Further affirming why the initiative is so significant, Seeger explained: “Data is very valuable by itself, but it is exponentially more valuable when you combine various datasets. However, the issue of security means that often, data is very hard to access. Research is often held back as it can be hard to curate and analyse information and for researchers to do exactly what they want to do with that data. It is often difficult to combine it with other datasets and that was exactly where the crux was.”

A predictive tool

The medium-term aim of the project is to use it for prediction and diagnosis of COVID-19. “When we understand the virus better and know what to look for in terms of mutation, we could potentially plan patient management,” explained Seeger. “Imagine a world where a patient comes into the hospital after experiencing symptoms at home. We could have their DNA sequenced and predict whether they are going to be a mild, moderate or bad case. This would enable us to not only plan out the patient’s treatment, but from a healthcare management perspective we could consider the overall impact on the hospital and hopefully prevent severe cases.”

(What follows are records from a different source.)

lemma sqrt_gap_le_bregman:
  assumes p: "norm p = 1" and q: "norm q = 1"
  shows "sqrt (f p) - grad (\<lambda>v. sqrt (f v)) q \<bullet> p \<le> bregman f p q / (2 * sqrt (f q))"
proof -
  have fp: "0 < f p" and fq: "0 < f q"
    using p q by (auto intro: positive)
  have "2 * sqrt (f p) * sqrt (f q) \<le> f p + f q"
    using zero_le_power2[of "sqrt (f p) - sqrt (f q)"] fp fq
    by (simp add: power2_diff algebra_simps)
  then have "sqrt (f p) \<le> (f p + f q) / (2 * sqrt (f q))"
    using fq by (simp add: field_simps)
  also have "f p + f q = bregman f p q + grad f q \<bullet> p"
    using euler_identity[of q] by (simp add: bregman_def inner_diff_right)
  finally show ?thesis
    using fq by (simp add: grad_sqrt_unit[OF q] add_divide_distrib)
qed

lemma sqrt_gap_upper:
  assumes "0 \<le> M"
    and bregman_bound: "\<And>p q. norm p = 1 \<Longrightarrow> norm q = 1 \<Longrightarrow> norm (p - q) \<le> 1 \<Longrightarrow>
      bregman f p q \<le> M * (norm (p - q))\<^sup>2"
    and p: "norm p = 1" and q: "norm q = 1"
  shows "sqrt (f p) - grad (\<lambda>v. sqrt (f v)) q \<bullet> p
    \<le> (M / (2 * sqrt A0) + sqrt A1 + a1 / (2 * sqrt A0)) * (norm (p - q))\<^sup>2"
proof (cases "norm (p - q) \<le> 1")
  case True
  have "0 < sqrt A0" and "sqrt A0 \<le> sqrt (f q)"
    using A0_pos sqrt_bounds_unit(1)[OF q] by simp_all
  then have "bregman f p q / (2 * sqrt (f q)) \<le> M * (norm (p - q))\<^sup>2 / (2 * sqrt (f q))"
    using bregman_bound[OF p q True] by (intro divide_right_mono) auto
  also have "\<dots> \<le> M * (norm (p - q))\<^sup>2 / (2 * sqrt A0)"
    using \<open>0 \<le> M\<close> \<open>0 < sqrt A0\<close> \<open>sqrt A0 \<le> sqrt (f q)\<close> by (intro divide_left_mono) auto
  finally have "bregman f p q / (2 * sqrt (f q)) \<le> M / (2 * sqrt A0) * (norm (p - q))\<^sup>2"
    by simp
  moreover have "0 \<le> (sqrt A1 + a1 / (2 * sqrt A0)) * (norm (p - q))\<^sup>2"
    using a1_nonneg A0_pos A0_le_A1 by simp
  ultimately show ?thesis
    using sqrt_gap_le_bregman[OF p q] by (simp add: distrib_right)
next
  case False
  then have "1 \<le> (norm (p - q))\<^sup>2"
    by (simp add: one_le_power)
  have "sqrt (f p) - grad (\<lambda>v. sqrt (f v)) q \<bullet> p \<le> sqrt A1 + a1 / (2 * sqrt A0)"
    using sqrt_bounds_unit(2)[OF p] grad_sqrt_inner_bound[OF p q] by linarith
  also have "\<dots> \<le> M / (2 * sqrt A0) + sqrt A1 + a1 / (2 * sqrt A0)"
    using \<open>0 \<le> M\<close> A0_pos by simp
  also have "\<dots> \<le> (M / (2 * sqrt A0) + sqrt A1 + a1 / (2 * sqrt A0)) * (norm (p - q))\<^sup>2"
    using mult_left_mono[OF \<open>1 \<le> (norm (p - q))\<^sup>2\<close>] \<open>0 \<le> M\<close> a1_nonneg A0_pos A0_le_A1
    by simp
  finally show ?thesis .
qed

lemma sphere_gap_sqrt:
  assumes "0 \<le> M"
    and bregman_bound: "\<And>p q. norm p = 1 \<Longrightarrow> norm q = 1 \<Longrightarrow> norm (p - q) \<le> 1 \<Longrightarrow>
      bregman f p q \<le> M * (norm (p - q))\<^sup>2"
    and \<psi>_range: "\<And>t. 1/4 \<le> t \<Longrightarrow> 0 \<le> \<psi> t \<and> \<psi> t \<le> 1"
    and \<psi>_one: "\<And>t. 1/2 \<le> t \<Longrightarrow> \<psi> t = 1"
  shows "sphere_gap (\<lambda>v. sqrt (f v)) (grad (\<lambda>v. sqrt (f v))) \<psi> (sqrt A0) (sqrt A1)
    (a1 / (2 * sqrt A0)) (C0 / (16 * sqrt A1)) (M / (2 * sqrt A0) + sqrt A1 + a1 / (2 * sqrt A0))"
proof
  show "0 < sqrt A0" "0 < C0 / (16 * sqrt A1)"
    using A0_pos A0_le_A1 C0_pos by simp_all
  show "grad (\<lambda>v. sqrt (f v)) (t *\<^sub>R q) = grad (\<lambda>v. sqrt (f v)) q" if "norm q = 1" "0 < t" for q t
    using that by (intro grad_sqrt_scaleR positive) auto
  show "sqrt A0 \<le> sqrt (f p) \<and> sqrt (f p) \<le> sqrt A1" if "norm p = 1" for p
    using sqrt_bounds_unit[OF that] by simp
  show "\<bar>grad (\<lambda>v. sqrt (f v)) q \<bullet> p\<bar> \<le> a1 / (2 * sqrt A0)" if "norm p = 1" "norm q = 1" for p q
    using grad_sqrt_inner_bound[OF that] .
  show "C0 / (16 * sqrt A1) * (norm (p - q))\<^sup>2 \<le> sqrt (f p) - grad (\<lambda>v. sqrt (f v)) q \<bullet> p"
    if "norm p = 1" "norm q = 1" for p q
    using sqrt_gap_lower[OF that] .
  show "sqrt (f p) - grad (\<lambda>v. sqrt (f v)) q \<bullet> p
      \<le> (M / (2 * sqrt A0) + sqrt A1 + a1 / (2 * sqrt A0)) * (norm (p - q))\<^sup>2"
    if "norm p = 1" "norm q = 1" for p q
    using sqrt_gap_upper[OF \<open>0 \<le> M\<close> bregman_bound that] .
qed (use \<psi>_range \<psi>_one in auto)

end

lemma smooth_nonneg_mono_on:
  assumes "smooth_nonneg f D" and "\<forall>t\<ge>0. 0 \<le> D 1 t"
  shows "mono_on {0<..} f"
proof (rule mono_onI)
  fix u v :: real
  assume "u \<in> {0<..}" "u \<le> v"
  then show "f u \<le> f v"
  proof (intro DERIV_nonneg_imp_nondecreasing[OF \<open>u \<le> v\<close>] exI conjI)
    fix y assume "u \<le> y" "y \<le> v"
    with \<open>u \<in> {0<..}\<close> have "0 < y"
      by simp
    then have "at y within {0..} = at y"
      by (intro at_within_interior) simp
    with assms \<open>0 < y\<close> show "(f has_real_derivative D 1 y) (at y)" and "0 \<le> D 1 y"
      unfolding smooth_nonneg_def by (metis One_nat_def less_imp_le)+
  qed
qed

lemma cutoff_range:
  assumes "\<exists>D. smooth_nonneg \<psi> D \<and> (\<forall>t\<ge>0. 0 \<le> D 1 t)"
    and "\<psi> (1/4) = 0" and "\<And>t. 1/2 \<le> t \<Longrightarrow> \<psi> t = 1" and "1/4 \<le> t"
  shows "0 \<le> \<psi> t \<and> \<psi> t \<le> 1"
proof -
  have "mono_on {0<..} \<psi>"
    using assms(1) smooth_nonneg_mono_on by blast
  then have "\<psi> (1/4) \<le> \<psi> t" and "\<psi> (min t (1/2)) \<le> \<psi> (1/2)"
    using assms(4) by (auto intro: mono_onD)
  then show ?thesis
    using assms(2,3) by (cases "t \<le> 1/2") auto
qed

lemma periodic_cube_representative:
  fixes A :: "real^'d \<Rightarrow> 'b \<Rightarrow> 'c"
  assumes periodic: "\<And>x p (k::'d \<Rightarrow> int). A (x + (\<chi> i. of_int (k i))) p = A x p"
  obtains x0 where "x0 \<in> cbox 0 1" and "A x0 = A x"
proof
  define x0 where "x0 = x - (\<chi> i. of_int \<lfloor>x $ i\<rfloor>)"
  show "x0 \<in> cbox 0 1"
    unfolding x0_def mem_box_cart
    by (auto simp: of_int_floor_le) (smt (verit) real_of_int_floor_add_one_gt)
  show "A x0 = A x"
    using periodic[where x = x0 and k = "\<lambda>i. \<lfloor>x $ i\<rfloor>"] by (auto simp: x0_def fun_eq_iff)
qed

lemma periodic_C2_bregman_bound:
  fixes A :: "real^'d \<Rightarrow> real^'d \<Rightarrow> real"
  assumes periodic: "\<And>x p (k::'d \<Rightarrow> int). A (x + (\<chi> i. of_int (k i))) p = A x p"
    and C2: "C2_on (UNIV \<times> (UNIV - {0})) (\<lambda>z. A (fst z) (snd z))"
  obtains M where "0 \<le> M"
    and "\<And>x p q. norm p = 1 \<Longrightarrow> norm q = 1 \<Longrightarrow> norm (p - q) \<le> 1 \<Longrightarrow>
      bregman (A x) p q \<le> M * (norm (p - q))\<^sup>2"
proof -
  obtain M where "0 \<le> M" and cube_bound: "\<And>x p q. x \<in> cbox 0 1 \<Longrightarrow> norm p = 1 \<Longrightarrow> norm q = 1 \<Longrightarrow>
      norm (p - q) \<le> 1 \<Longrightarrow> bregman (A x) p q \<le> M * (norm (p - q))\<^sup>2"
    using C2_on_bregman_bound[OF C2 compact_cbox] by auto
  show ?thesis
  proof (rule that[OF \<open>0 \<le> M\<close>])
    fix x p q :: "real^'d"
    assume "norm p = 1" "norm q = 1" "norm (p - q) \<le> 1"
    moreover obtain x0 where "x0 \<in> cbox 0 1" and "A x0 = A x"
      by (rule periodic_cube_representative[OF periodic])
    ultimately show "bregman (A x) p q \<le> M * (norm (p - q))\<^sup>2"
      using cube_bound by metis
  qed
qed

theorem mainTheorem14:
  fixes A :: "real^'d \<Rightarrow> real^'d \<Rightarrow> real"
    and \<psi> :: "real \<Rightarrow> real"
    and A0 A1 a1 C0 :: real
  assumes periodic: "\<And>x p (k::'d \<Rightarrow> int). A (x + (\<chi> i. of_int (k i))) p = A x p"
    and C1: "C1_on UNIV (\<lambda>z::(real^'d) \<times> (real^'d). A (fst z) (snd z))"
    and C2: "C2_on (UNIV \<times> (UNIV - {0})) (\<lambda>z::(real^'d) \<times> (real^'d). A (fst z) (snd z))"
    and pos: "\<And>x p. p \<noteq> 0 \<Longrightarrow> A x p > 0"
    and hom: "\<And>x p (t::real). t > 0 \<Longrightarrow> A x (t *\<^sub>R p) = t\<^sup>2 * A x p"
    and A0pos: "0 < A0" and A01: "A0 \<le> A1"
    and bounds: "\<And>x p. A0 * (norm p)\<^sup>2 \<le> A x p \<and> A x p \<le> A1 * (norm p)\<^sup>2"
    and grad_bd: "\<And>x p. norm (grad (A x) p) \<le> a1 * norm p"
    and convex: "\<And>x p q. (grad (A x) p - grad (A x) q) \<bullet> (p - q) \<ge> C0 * (norm (p - q))\<^sup>2"
    and C0pos: "C0 > 0"
    and psi_smooth: "\<exists>D. smooth_nonneg \<psi> D \<and> (\<forall>t\<ge>0. D 1 t \<ge> 0)"
    and psi0: "\<And>t. 0 \<le> t \<Longrightarrow> t \<le> 1/4 \<Longrightarrow> \<psi> t = 0"
    and psi1: "\<And>t. 1/2 \<le> t \<Longrightarrow> \<psi> t = 1"
  shows "\<exists>c C. c > 0 \<and> C > 0 \<and>
    (\<forall>x p p'. norm p = 1 \<longrightarrow> norm p' \<le> 1 \<longrightarrow>
      (let T = sqrt (A x p) -
              (if norm p' \<le> 1/4 then 0
               else norm p' * \<psi> (norm p') * (grad (\<lambda>q. sqrt (A x q)) p' \<bullet> p))
       in c * (norm (p - p'))\<^sup>2 \<le> T \<and> T \<le> C * ((norm (p - p'))\<^sup>2 + (1 - norm p'))))"
proof -
  obtain M where "0 \<le> M" and bregman_bound: "\<And>x p q. norm p = 1 \<Longrightarrow> norm q = 1 \<Longrightarrow>
      norm (p - q) \<le> 1 \<Longrightarrow> bregman (A x) p q \<le> M * (norm (p - q))\<^sup>2"
    using periodic_C2_bregman_bound[OF periodic C2] by metis
  have psi_range: "0 \<le> \<psi> t \<and> \<psi> t \<le> 1" if "1/4 \<le> t" for t
    using cutoff_range[OF psi_smooth _ psi1 that] psi0[of "1/4"] by simp
  have deriv: "(A x has_derivative (\<lambda>h. grad (A x) p \<bullet> h)) (at p)" for x p
    using C1 has_derivative_partial_grad(1)[of "\<lambda>z. A (fst z) (snd z)"] unfolding C1_on_def by fastforce
  define B L K where "B = a1 / (2 * sqrt A0)" and "L = C0 / (16 * sqrt A1)"
    and "K = M / (2 * sqrt A0) + sqrt A1 + a1 / (2 * sqrt A0)"
  have gap: "sphere_gap (\<lambda>q. sqrt (A x q)) (grad (\<lambda>q. sqrt (A x q))) \<psi> (sqrt A0) (sqrt A1) B L K" for x
    unfolding B_def L_def K_def
    by (intro anisotropy.sphere_gap_sqrt[OF _ \<open>0 \<le> M\<close> bregman_bound psi_range psi1]
        anisotropy.intro two_homogeneous.intro anisotropy_axioms.intro)
      (use deriv hom A0pos bounds grad_bd convex C0pos in auto)
  have "0 < sqrt A1"
    using A0pos A01 by simp
  show ?thesis
  proof (rule exI[of _ "min (sqrt A0 / 4) (L / 8)"], rule exI[of _ "2 * (sqrt A1 + B + K)"],
      intro conjI allI impI)
    show "0 < min (sqrt A0 / 4) (L / 8)"
      using \<open>0 < sqrt A1\<close> A0pos C0pos by (simp add: L_def)
    show "0 < 2 * (sqrt A1 + B + K)"
      using \<open>0 < sqrt A1\<close> sphere_gap.constants_nonneg[OF gap] by (intro mult_pos_pos add_pos_nonneg) auto
  qed (use sphere_gap.cutoff_pairing_lower[OF gap, unfolded cutoff_pairing_def]
         sphere_gap.cutoff_pairing_upper[OF gap, unfolded cutoff_pairing_def] in \<open>unfold Let_def, blast\<close>)
qed

end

This possibility is now aided by a significant reduction in the costs associated with genome sequencing. Indeed, the decade following the Human Genome Project saw revolutionary advances in DNA sequencing technologies, which have fundamentally changed the nature of genomics and the introduction of NGS methods has significantly lowered the costs associated with sequencing.

In the long-term, Seeger explained that this project opens yet another door by becoming the world’s largest database for infectious disease research – especially when GEL is already well‑respected for having the largest cohort in rare diseases and cancer. “With the information from 35,000 COVID-19 patients and potentially more data, hopefully we will get a vaccine and treatment. However, this is not going to be the last virus that we see. In the longer term this information can help scientific research by aiding our understanding about how infectious diseases work and how they are spread. Then, as an industry, we can work out what we can do better next time and be more pre-emptive. This really underlines the critical importance of population genomics.”

This is where GEL is laying the groundwork for the future of genomics studies by using cutting-edge technologies to bring population genomics forward. “By bringing computation and analysis to the data as opposed to shipping the data anywhere, GEL is demonstrating it is the pioneer in the space of population genomics. The flagship leader in the world of genetics is now choosing a federated technology, which means it is truly opening the doors for research initiatives in the UK and beyond.”Finally, Seeger emphasised that projects like this require significant amounts of investment. “What became very clear in this whole process is that the world needs much more investment into this space. It is incredible that everyone is working together now, but there needs to be more focus on that; we need collaboration to make sense of the data. We need to bring the best minds in the world together and this requires better digital tools and technologies.”